Front. Mar. Sci., 09 October 2023
Sec. Marine Fisheries, Aquaculture and Living Resources
This article is part of the Research Topic Ecocentric Fisheries Management in European Seas: Data Gaps, Base Models and Initial Assessments, Volume I View all 10 articles

Editorial: Ecocentric fisheries management in European seas: Data gaps, base models and initial assessments, volume I

  • 1Laboratory of Ichthyology, School of Biology, Aristotle University of Thessaloniki, Thessaloniki, Greece
  • 2Institute of Information Science and Technologies “Alessandro Faedo”, Pisa, Italy
  • 3Institute of Biodiversity and Ecosystem Research, Bulgarian Academy of Sciences, Sofia, Bulgaria
  • 4Centre d’Ecologie Fonctionnelle et Evolutive, Université de Montpellier, Centre National de la Recherche Scientifique, Ecole Pratique des Hautes Etudes, Institut de Recherche pour le Développement, Montpellier, France
  • 5FitzPatrick Institute, Department of Science and Technology (DST)/National Research Foundation (NRF) Excellence Centre at the University of Cape Town, Cape Town, South Africa
  • 6GEOMAR Helmholtz Centre for Ocean Research Kiel, Kiel, Germany
  • 7Institute of Biosciences and Bioresources, National Research Council of Italy, Sesto Fiorentino, Italy
  • 8Democritus University of Thrace, Xanthi, Greece

Fisheries exploitation has historically been considered as the strongest driver of fish population dynamics (Jackson et al., 2001). Existing fisheries management practices have not always been successful in sustainably exploiting fish stocks (Froese et al., 2018) because of weaknesses in management approaches (Froese et al., 2021), the lack of consideration of ecosystem processes (Skern-Mauritzen et al., 2016), improper management implementation (Schnute et al., 2007), harmful government subsidies (Sumaila et al., 2021), and illegal, unreported and unregulated fishing (Agnew et al., 2009). Moreover, data deficiencies often constrain stock assessments and ecosystem model construction, tools that provide the basis for decision-making in fisheries management (Dimarchopoulou et al., 2017). Stocks that do not exhibit commercial interest have generally been given a low priority (Tsikliras et al., 2021), and the conservation status of marine megafauna is unknown in many European areas, especially in the Mediterranean and the Black Sea (Gremillet et al., 2022). Commercial and recreational fishing strongly influence all levels of biological organisation, from populations to ecological communities, directly affecting ecosystem structure and function (Pauly et al., 1998). Such circumstances raise the pressing need for a paradigm shift from the anthropocentric (=human-centred) perception of commercial stock surplus yield (Chapman, 1949) to an ecocentric (=ecosystem-centred) fisheries management that incorporates all ecosystem components, including abiotic and socio-economic factors (Link, 2010), aiming at rebuilding fish stocks, and restoring ecosystems and habitats (Lotze et al., 2011). This whole-ecosystem approach to managing fisheries aspires to ensure a balance between food security and healthy seas (Schiller et al., 2018), secure fisheries jobs (Teh and Sumaila, 2013), and even minimising exploitation while prioritising sustainable fishing practices that feed people (Jacquet and Pauly, 2022).

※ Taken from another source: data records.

lemma ID_rhs_power:
  fixes \<Phi> :: "real^'n \<Rightarrow> real"
  assumes "\<forall>a. (deriv ^^ 2) \<theta> (x $ a) > 0" "(\<Sum>a\<in>UNIV. xd $ a) = 0"
  shows "(\<Sum>a\<in>UNIV. (deriv ^^ 2) \<theta> (x $ a) * xd $ a * ID_rhs \<theta> \<Phi> \<eta> x xd $ a)
      + (1/2) * (\<Sum>a\<in>UNIV. (deriv ^^ 3) \<theta> (x $ a) * (xd $ a) ^ 3)
    = (\<Sum>a\<in>UNIV. xd $ a * pd a \<Phi> x - \<eta> * (deriv ^^ 2) \<theta> (x $ a) * (xd $ a)\<^sup>2)"
proof -
  let ?th2 = "\<lambda>b. (deriv ^^ 2) \<theta> (x $ b)" and ?th3 = "\<lambda>b. (deriv ^^ 3) \<theta> (x $ b)"
  let ?P = "\<lambda>a. xd $ a * pd a \<Phi> x - \<eta> * ?th2 a * (xd $ a)\<^sup>2"
  define Th where "Th = 1 / (\<Sum>b\<in>UNIV. 1 / ?th2 b)"
  define A where "A = (\<Sum>b\<in>UNIV. Th / ?th2 b * pd b \<Phi> x)"
  define S where "S = (\<Sum>b\<in>UNIV. Th / ?th2 b * ?th3 b * (xd $ b)\<^sup>2)"
  have ID: "ID_rhs \<theta> \<Phi> \<eta> x xd $ a = 1 / ?th2 a * (pd a \<Phi> x - A)
      - 1 / (2 * ?th2 a) * (?th3 a * (xd $ a)\<^sup>2 - S) - \<eta> * xd $ a" for a
    unfolding ID_rhs_def A_def S_def Th_def by (simp add: Let_def)
  have power_identity: "h * y * r + (1/2) * (k * y ^ 3) = (y * v - \<eta> * h * y\<^sup>2) + y * (S/2 - A)"
    if "h > 0" "r = 1 / h * (v - A) - 1 / (2 * h) * (k * y\<^sup>2 - S) - \<eta> * y" for h k y v r :: real
    unfolding that(2) using that(1) by (simp add: field_simps power2_eq_square power3_eq_cube)
  have "(\<Sum>a\<in>UNIV. ?th2 a * xd $ a * ID_rhs \<theta> \<Phi> \<eta> x xd $ a) + (1/2) * (\<Sum>a\<in>UNIV. ?th3 a * (xd $ a) ^ 3)
      = (\<Sum>a\<in>UNIV. ?th2 a * xd $ a * ID_rhs \<theta> \<Phi> \<eta> x xd $ a + (1/2) * (?th3 a * (xd $ a) ^ 3))"
    by (simp add: sum.distrib sum_distrib_left)
  also have "\<dots> = (\<Sum>a\<in>UNIV. ?P a + xd $ a * (S/2 - A))"
    using power_identity[OF assms(1)[rule_format] ID] by simp
  also have "\<dots> = (\<Sum>a\<in>UNIV. ?P a) + (\<Sum>a\<in>UNIV. xd $ a) * (S/2 - A)"
    by (simp add: sum.distrib sum_distrib_right)
  finally show ?thesis using assms(2) by simp
qed

lemma linear_minus_quadratic_le:
  fixes y v c h :: real
  assumes "c > 0" "h > 0"
  shows "y * v - c * h * y\<^sup>2 \<le> v\<^sup>2 / (4 * c * h)"
proof -
  have "0 \<le> (2 * c * h * y - v)\<^sup>2" by simp
  thus ?thesis using assms by (simp add: field_simps power2_eq_square)
qed

lemma kernel_power_summand_le:
  assumes "is_kernel \<theta>" "\<eta> > 0" "0 < z" "z \<le> 1" "\<bar>v\<bar> \<le> L"
  shows "y * v - \<eta> * (deriv ^^ 2) \<theta> z * y\<^sup>2 \<le> L\<^sup>2 / (4 * \<eta> * (deriv ^^ 2) \<theta> 1)"
proof -
  have th2: "0 < (deriv ^^ 2) \<theta> 1" "(deriv ^^ 2) \<theta> 1 \<le> (deriv ^^ 2) \<theta> z"
    using assms by (auto intro: kernel_deriv2_pos kernel_deriv2_antimono)
  have "v\<^sup>2 \<le> L\<^sup>2" using assms(5) by (metis abs_ge_zero power2_abs power_mono)
  have "y * v - \<eta> * (deriv ^^ 2) \<theta> z * y\<^sup>2 \<le> v\<^sup>2 / (4 * \<eta> * (deriv ^^ 2) \<theta> z)"
    using assms(2) th2 by (intro linear_minus_quadratic_le) auto
  also have "\<dots> \<le> L\<^sup>2 / (4 * \<eta> * (deriv ^^ 2) \<theta> z)"
    using \<open>v\<^sup>2 \<le> L\<^sup>2\<close> assms(2) th2 by (intro divide_right_mono) auto
  also have "\<dots> \<le> L\<^sup>2 / (4 * \<eta> * (deriv ^^ 2) \<theta> 1)"
    using assms(2) th2 by (intro divide_left_mono) auto
  finally show ?thesis .
qed

theorem lemma3p3:
  fixes \<theta> :: "real \<Rightarrow> real" and \<Phi> :: "real^'n \<Rightarrow> real" and U :: "(real^'n) set"
    and \<eta> :: real and x xd xdd :: "real \<Rightarrow> real^'n"
  assumes n: "CARD('n) \<ge> 2"
    and kern: "is_kernel \<theta>"
    and U: "open U" "std_simplex \<subseteq> U"
    and lip: "\<exists>L. L-lipschitz_on U \<Phi>"
    and smooth: "smooth_on U \<Phi>"
    and eta: "\<eta> > 0"
    and interior: "\<forall>t\<ge>0. x t \<in> std_simplex_int"
    and dx: "\<forall>t\<ge>0. (x has_vector_derivative xd t) (at t within {0..})"
    and ddx: "\<forall>t\<ge>0. (xd has_vector_derivative xdd t) (at t within {0..})"
    and ID: "\<forall>t\<ge>0. xdd t = ID_rhs \<theta> \<Phi> \<eta> (x t) (xd t)"
  shows "\<exists>M. \<forall>t\<ge>0. \<forall>Kd.
           ((\<lambda>s. kinetic \<theta> (x s) (xd s)) has_real_derivative Kd) (at t within {0..})
           \<longrightarrow> Kd \<le> M"
proof -
  obtain L where L: "L-lipschitz_on U \<Phi>" using lip by blast
  define B where "B = L\<^sup>2 / (4 * \<eta> * (deriv ^^ 2) \<theta> 1)"
  show ?thesis
  proof (intro exI[of _ "CARD('n) * B"] allI impI)
    fix t Kd :: real
    assume t: "t \<ge> 0"
      and Kd: "((\<lambda>s. kinetic \<theta> (x s) (xd s)) has_real_derivative Kd) (at t within {0..})"
    have xt: "x t \<in> std_simplex_int" using interior t by blast
    hence pos: "\<forall>a. x t $ a > 0" by (simp add: std_simplex_int_def)
    have "x t \<in> U" using xt std_simplex_int_subset U(2) by blast
    hence v: "\<bar>pd a \<Phi> (x t)\<bar> \<le> L" for a
      using smooth L U(1) by (intro pd_abs_le_lipschitz smooth_on_partial_differentiable)
    have "Kd = (\<Sum>a\<in>UNIV. (deriv ^^ 2) \<theta> (x t $ a) * xd t $ a * xdd t $ a)
        + (1/2) * (\<Sum>a\<in>UNIV. (deriv ^^ 3) \<theta> (x t $ a) * (xd t $ a) ^ 3)"
      using kinetic_has_real_derivative[OF kern pos dx[rule_format, OF t] ddx[rule_format, OF t]]
      by (rule has_field_derivative_unique[OF Kd _ at_within_atLeast_nontrivial[OF t]])
    also have "\<dots> = (\<Sum>a\<in>UNIV. xd t $ a * pd a \<Phi> (x t) - \<eta> * (deriv ^^ 2) \<theta> (x t $ a) * (xd t $ a)\<^sup>2)"
      unfolding ID[rule_format, OF t]
      using pos kern velocity_sum_zero[OF interior t dx[rule_format, OF t]]
      by (intro ID_rhs_power) (auto intro: kernel_deriv2_pos)
    also have "\<dots> \<le> (\<Sum>a\<in>(UNIV :: 'n set). B)"
      unfolding B_def using kern eta pos v
      by (intro sum_mono kernel_power_summand_le std_simplex_int_component_le_1[OF xt]) auto
    finally show "Kd \<le> CARD('n) * B" by simp
  qed
qed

The design of interactive policies that aim to implement the ecocentric fisheries management is better served through a holistic and integrated perspective to maintain ecosystem integrity. They should be supported by the adoption of a precautionary approach to fisheries with broad stakeholder participation, while also promoting sector integration (Pikitch et al., 2004). This will require interdisciplinarity among scientists to achieve the best possible knowledge of biotic, abiotic, and human components of ecosystems and their interactions (Cury, 2004), as well as information on social and economic factors that affect the availability of ecosystem services within marine ecoregions (FAO, 2021).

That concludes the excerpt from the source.